## Goal of the exercise
Word for word, please restate the lines from the beginning of the data through the line in which "q r \<longleftrightarrow>" appears.
START Records for the exercise
(* For every $x\in\mathbb{R}=\mathfrak{C}(\mathbb{Q})$, $\mathrm{compress}(x)\asymp x$, where $\mathrm{compress}(x)=\lambda\varepsilon.\,\mathrm{approx}(x(\tfrac{\varepsilon}{2}),\tfrac{\varepsilon}{2})$.
   Context: $\mathbb{Q}^+$ denotes the strictly positive rationals. $\mathbb{Q}$ is a metric space with $B_\varepsilon(a,b)$ iff $|a-b|\le\varepsilon$ and equivalence being equality. $\mathbb{R}=\mathfrak{C}(\mathbb{Q})$ is the set of regular functions $x:\mathbb{Q}^+\to\mathbb{Q}$, i.e. $|x(\varepsilon_1)-x(\varepsilon_2)|\le\varepsilon_1+\varepsilon_2$ for all $\varepsilon_1,\varepsilon_2\in\mathbb{Q}^+$, with $x\asymp y$ iff $|x(\varepsilon)-y(\varepsilon)|\le 2\varepsilon$ for all $\varepsilon\in\mathbb{Q}^+$. For rationals in lowest terms, $\frac{n_1}{d_1}$ is simpler than $\frac{n_2}{d_2}$ if $|n_1|+|d_1|<|n_2|+|d_2|$; every closed rational interval contains a unique simplest rational. For $a\in\mathbb{Q}$, $\varepsilon\in\mathbb{Q}^+$, $\mathrm{approx}(a,\varepsilon)$ is the simplest rational number in $[a-\varepsilon,a+\varepsilon]$. *)

theory Defs
  imports Main "HOL.Rat"
begin

text \<open>Regular functions Q+ -> Q (values at non-positive arguments are irrelevant).\<close>
definition regular :: "(rat \<Rightarrow> rat) \<Rightarrow> bool" where
  "regular x \<longleftrightarrow> (\<forall>e1 e2. 0 < e1 \<longrightarrow> 0 < e2 \<longrightarrow> \<bar>x e1 - x e2\<bar> \<le> e1 + e2)"

definition req :: "(rat \<Rightarrow> rat) \<Rightarrow> (rat \<Rightarrow> rat) \<Rightarrow> bool" where
  "req x y \<longleftrightarrow> (\<forall>e. 0 < e \<longrightarrow> \<bar>x e - y e\<bar> \<le> 2 * e)"

definition rat_size :: "rat \<Rightarrow> int" where
  "rat_size q = (case quotient_of q of (n, d) \<Rightarrow> \<bar>n\<bar> + \<bar>d\<bar>)"

definition simpler :: "rat \<Rightarrow> rat \<Rightarrow> bool" where
  "simpler q r \<longleftrightarrow> rat_size q < rat_size r"

definition approx :: "rat \<Rightarrow> rat \<Rightarrow> rat" where
  "approx a e = (THE q. q \<in> {a - e .. a + e} \<and>
                   (\<forall>r \<in> {a - e .. a + e}. r \<noteq> q \<longrightarrow> simpler q r))"

definition compress :: "(rat \<Rightarrow> rat) \<Rightarrow> (rat \<Rightarrow> rat)" where
  "compress x = (\<lambda>e. approx (x (e / 2)) (e / 2))"

end

theory Submission
  imports Defs
begin

text \<open>
  Any two distinct rationals of the same size |n| + |d| enclose a strictly simpler rational:
  for 0 < a/b < c/d with a + b = c + d one has b > d, and a/(b - 1) still lies in between,
  because c b - a d = (c - a)(a + b) \<ge> a + b > c.
  Hence a rational of minimal size in a closed interval is strictly simpler than every other
  point of it, so approx a e exists and lies in [a - e, a + e]. The claim is then the
  triangle inequality
  |compress x e - x e| \<le> |compress x e - x (e/2)| + |x (e/2) - x e| \<le> e/2 + 3e/2.
\<close>

lemma rat_size_nonneg: "0 \<le> rat_size q"
  by (simp add: rat_size_def split: prod.splits)

lemma rat_size_0: "rat_size 0 = 1"
  by (simp add: rat_size_def rat_zero_code)

lemma rat_size_uminus: "rat_size (- q) = rat_size q"
  by (simp add: rat_size_def rat_uminus_code split: prod.splits)

lemma rat_size_ge_2:
  assumes "q \<noteq> 0"
  shows "2 \<le> rat_size q"
proof -
  obtain n d where nd: "quotient_of q = (n, d)" by (cases "quotient_of q")
  have "0 < d" using quotient_of_denom_pos[OF nd] .
  moreover have "n \<noteq> 0" using quotient_of_div[OF nd] assms by auto
  ultimately show ?thesis using nd by (simp add: rat_size_def)
qed

lemma rat_size_quotient_le:
  assumes "0 < b"
  shows "rat_size (of_int a / of_int b) \<le> \<bar>a\<bar> + b"
proof -
  define g where "g = gcd a b"
  have g: "0 < g" "g dvd a" "g dvd b" using assms by (simp_all add: g_def)
  have "\<bar>c div g\<bar> \<le> \<bar>c\<bar>" if "g dvd c" for c
    using that g(1) by (auto simp: abs_mult mult_le_cancel_right1 elim!: dvdE)
  then have "\<bar>a div g\<bar> \<le> \<bar>a\<bar>" "\<bar>b div g\<bar> \<le> b"
    using g assms by (metis abs_of_pos)+
  moreover have "quotient_of (of_int a / of_int b) = (a div g, b div g)"
    using assms by (simp add: Fract_of_int_quotient [symmetric] quotient_of_Fract
        normalize_def g_def Let_def)
  ultimately show ?thesis by (simp add: rat_size_def)
qed

lemma simpler_between_pos:
  assumes "0 < q" "q < r" "rat_size q = rat_size r"
  obtains t where "q \<le> t" "t \<le> r" "rat_size t < rat_size q"
proof -
  obtain a b where ab: "quotient_of q = (a, b)" by (cases "quotient_of q")
  obtain c d where cd: "quotient_of r = (c, d)" by (cases "quotient_of r")
  have b: "0 < b" and d: "0 < d"
    using quotient_of_denom_pos[OF ab] quotient_of_denom_pos[OF cd] .
  have q: "q = of_int a / of_int b" and r: "r = of_int c / of_int d"
    using quotient_of_div[OF ab] quotient_of_div[OF cd] .
  have a: "0 < a" using assms(1) q b by (simp add: zero_less_divide_iff)
  have "0 < r" using assms(1,2) by simp
  then have c: "0 < c" using r d by (simp add: zero_less_divide_iff)
  have size: "a + b = c + d" using assms(3) ab cd a b c d by (simp add: rat_size_def)
  have cross: "a * d < c * b"
    using assms(2) b d by (simp add: q r divide_simps flip: of_int_mult)
  have "d < b"
  proof (rule ccontr)
    assume "\<not> d < b"
    then have "b \<le> d" "c \<le> a" using size by auto
    then have "c * b \<le> a * d" using b c by (simp add: mult_mono)
    then show False using cross by simp
  qed
  have "c * b - a * d = (c - a) * (a + b)" using size by algebra
  moreover have "a + b \<le> (c - a) * (a + b)" using size \<open>d < b\<close> a b by simp
  moreover have "c * (b - 1) = c * b - c" by (simp add: algebra_simps)
  ultimately have "a * d \<le> c * (b - 1)" using size d by linarith
  define t where "t = (of_int a / of_int (b - 1) :: rat)"
  have b1: "0 < b - 1" using \<open>d < b\<close> d by simp
  show thesis
  proof
    show "q \<le> t" unfolding q t_def using a b1 by (simp add: divide_left_mono)
    show "t \<le> r" unfolding r t_def using b1 d \<open>a * d \<le> c * (b - 1)\<close>
      by (simp add: divide_simps flip: of_int_mult of_int_diff)
    show "rat_size t < rat_size q"
      using rat_size_quotient_le[OF b1, of a] ab a by (simp add: t_def rat_size_def)
  qed
qed

lemma simpler_between:
  assumes "q < r" "rat_size q = rat_size r"
  obtains t where "q \<le> t" "t \<le> r" "rat_size t < rat_size q"
proof (cases "0 < q")
  case True
  with assms show thesis by (blast intro: that elim: simpler_between_pos)
next
  case q: False
  show thesis
  proof (cases "r < 0")
    case True
    obtain t where "- r \<le> t" "t \<le> - q" "rat_size t < rat_size (- r)"
      by (rule simpler_between_pos[of "- r" "- q"]) (use assms True in \<open>auto simp: rat_size_uminus\<close>)
    with assms show thesis by (intro that[of "- t"]) (auto simp: rat_size_uminus)
  next
    case False
    with assms have "q \<noteq> 0" using rat_size_0 rat_size_ge_2[of r] by (cases "r = 0") auto
    then have "rat_size 0 < rat_size q" using rat_size_0 rat_size_ge_2[of q] by simp
    with q False show thesis by (intro that[of 0]) auto
  qed
qed

lemma ex1_simplest_in_interval:
  fixes a b :: rat
  assumes "a \<le> b"
  shows "\<exists>!q. q \<in> {a..b} \<and> (\<forall>r \<in> {a..b}. r \<noteq> q \<longrightarrow> simpler q r)"
proof -
  obtain q where q: "q \<in> {a..b}" and min: "\<And>r. r \<in> {a..b} \<Longrightarrow> rat_size q \<le> rat_size r"
    using ex_has_least_nat[of "\<lambda>q. q \<in> {a..b}" a "\<lambda>q. nat (rat_size q)"] assms
      rat_size_nonneg by (auto simp: nat_le_eq_zle)
  have simplest: "simpler q r" if r: "r \<in> {a..b}" "r \<noteq> q" for r
  proof (rule ccontr)
    assume "\<not> simpler q r"
    with min[OF r(1)] have size: "rat_size (min q r) = rat_size (max q r)"
      by (simp add: simpler_def min_def max_def)
    from r(2) have "min q r < max q r" by (simp add: min_def max_def)
    with size obtain t where "min q r \<le> t" "t \<le> max q r" "rat_size t < rat_size (min q r)"
      by (elim simpler_between)
    moreover from this(1,2) q r(1) have "t \<in> {a..b}" by auto
    ultimately show False using min size by (fastforce simp: min_def max_def split: if_splits)
  qed
  show ?thesis
  proof (rule ex1I)
    show "q \<in> {a..b} \<and> (\<forall>r \<in> {a..b}. r \<noteq> q \<longrightarrow> simpler q r)"
      using q simplest by blast
    fix p
    assume p: "p \<in> {a..b} \<and> (\<forall>r \<in> {a..b}. r \<noteq> p \<longrightarrow> simpler p r)"
    show "p = q"
    proof (rule ccontr)
      assume "p \<noteq> q"
      with p q simplest have "simpler p q" "simpler q p" by auto
      then show False by (simp add: simpler_def)
    qed
  qed
qed

lemma approx_mem:
  assumes "0 \<le> e"
  shows "approx a e \<in> {a - e .. a + e}"
  using theI'[OF ex1_simplest_in_interval] assms unfolding approx_def by simp

theorem theorem37:
  fixes x :: "rat \<Rightarrow> rat"
  assumes "regular x"
  shows "req (compress x) x"
  unfolding req_def
proof (intro allI impI)
  fix e :: rat
  assume e: "0 < e"
  have "\<bar>compress x e - x (e / 2)\<bar> \<le> e / 2"
    using approx_mem[of "e / 2" "x (e / 2)"] e unfolding compress_def abs_diff_le_iff by simp
  moreover have "\<bar>x (e / 2) - x e\<bar> \<le> e / 2 + e"
    using assms e unfolding regular_def by (metis half_gt_zero)
  ultimately show "\<bar>compress x e - x e\<bar> \<le> 2 * e" by linarith
qed

end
END Records for the exercise
## Final answer
(* For every $x\in\mathbb{R}=\mathfrak{C}(\mathbb{Q})$, $\mathrm{compress}(x)\asymp x$, where $\mathrm{compress}(x)=\lambda\varepsilon.\,\mathrm{approx}(x(\tfrac{\varepsilon}{2}),\tfrac{\varepsilon}{2})$.
   Context: $\mathbb{Q}^+$ denotes the strictly positive rationals. $\mathbb{Q}$ is a metric space with $B_\varepsilon(a,b)$ iff $|a-b|\le\varepsilon$ and equivalence being equality. $\mathbb{R}=\mathfrak{C}(\mathbb{Q})$ is the set of regular functions $x:\mathbb{Q}^+\to\mathbb{Q}$, i.e. $|x(\varepsilon_1)-x(\varepsilon_2)|\le\varepsilon_1+\varepsilon_2$ for all $\varepsilon_1,\varepsilon_2\in\mathbb{Q}^+$, with $x\asymp y$ iff $|x(\varepsilon)-y(\varepsilon)|\le 2\varepsilon$ for all $\varepsilon\in\mathbb{Q}^+$. For rationals in lowest terms, $\frac{n_1}{d_1}$ is simpler than $\frac{n_2}{d_2}$ if $|n_1|+|d_1|<|n_2|+|d_2|$; every closed rational interval contains a unique simplest rational. For $a\in\mathbb{Q}$, $\varepsilon\in\mathbb{Q}^+$, $\mathrm{approx}(a,\varepsilon)$ is the simplest rational number in $[a-\varepsilon,a+\varepsilon]$. *)

theory Defs
  imports Main "HOL.Rat"
begin

text \<open>Regular functions Q+ -> Q (values at non-positive arguments are irrelevant).\<close>
definition regular :: "(rat \<Rightarrow> rat) \<Rightarrow> bool" where
  "regular x \<longleftrightarrow> (\<forall>e1 e2. 0 < e1 \<longrightarrow> 0 < e2 \<longrightarrow> \<bar>x e1 - x e2\<bar> \<le> e1 + e2)"

definition req :: "(rat \<Rightarrow> rat) \<Rightarrow> (rat \<Rightarrow> rat) \<Rightarrow> bool" where
  "req x y \<longleftrightarrow> (\<forall>e. 0 < e \<longrightarrow> \<bar>x e - y e\<bar> \<le> 2 * e)"

definition rat_size :: "rat \<Rightarrow> int" where
  "rat_size q = (case quotient_of q of (n, d) \<Rightarrow> \<bar>n\<bar> + \<bar>d\<bar>)"

definition simpler :: "rat \<Rightarrow> rat \<Rightarrow> bool" where
  "simpler q r \<longleftrightarrow> rat_size q < rat_size r"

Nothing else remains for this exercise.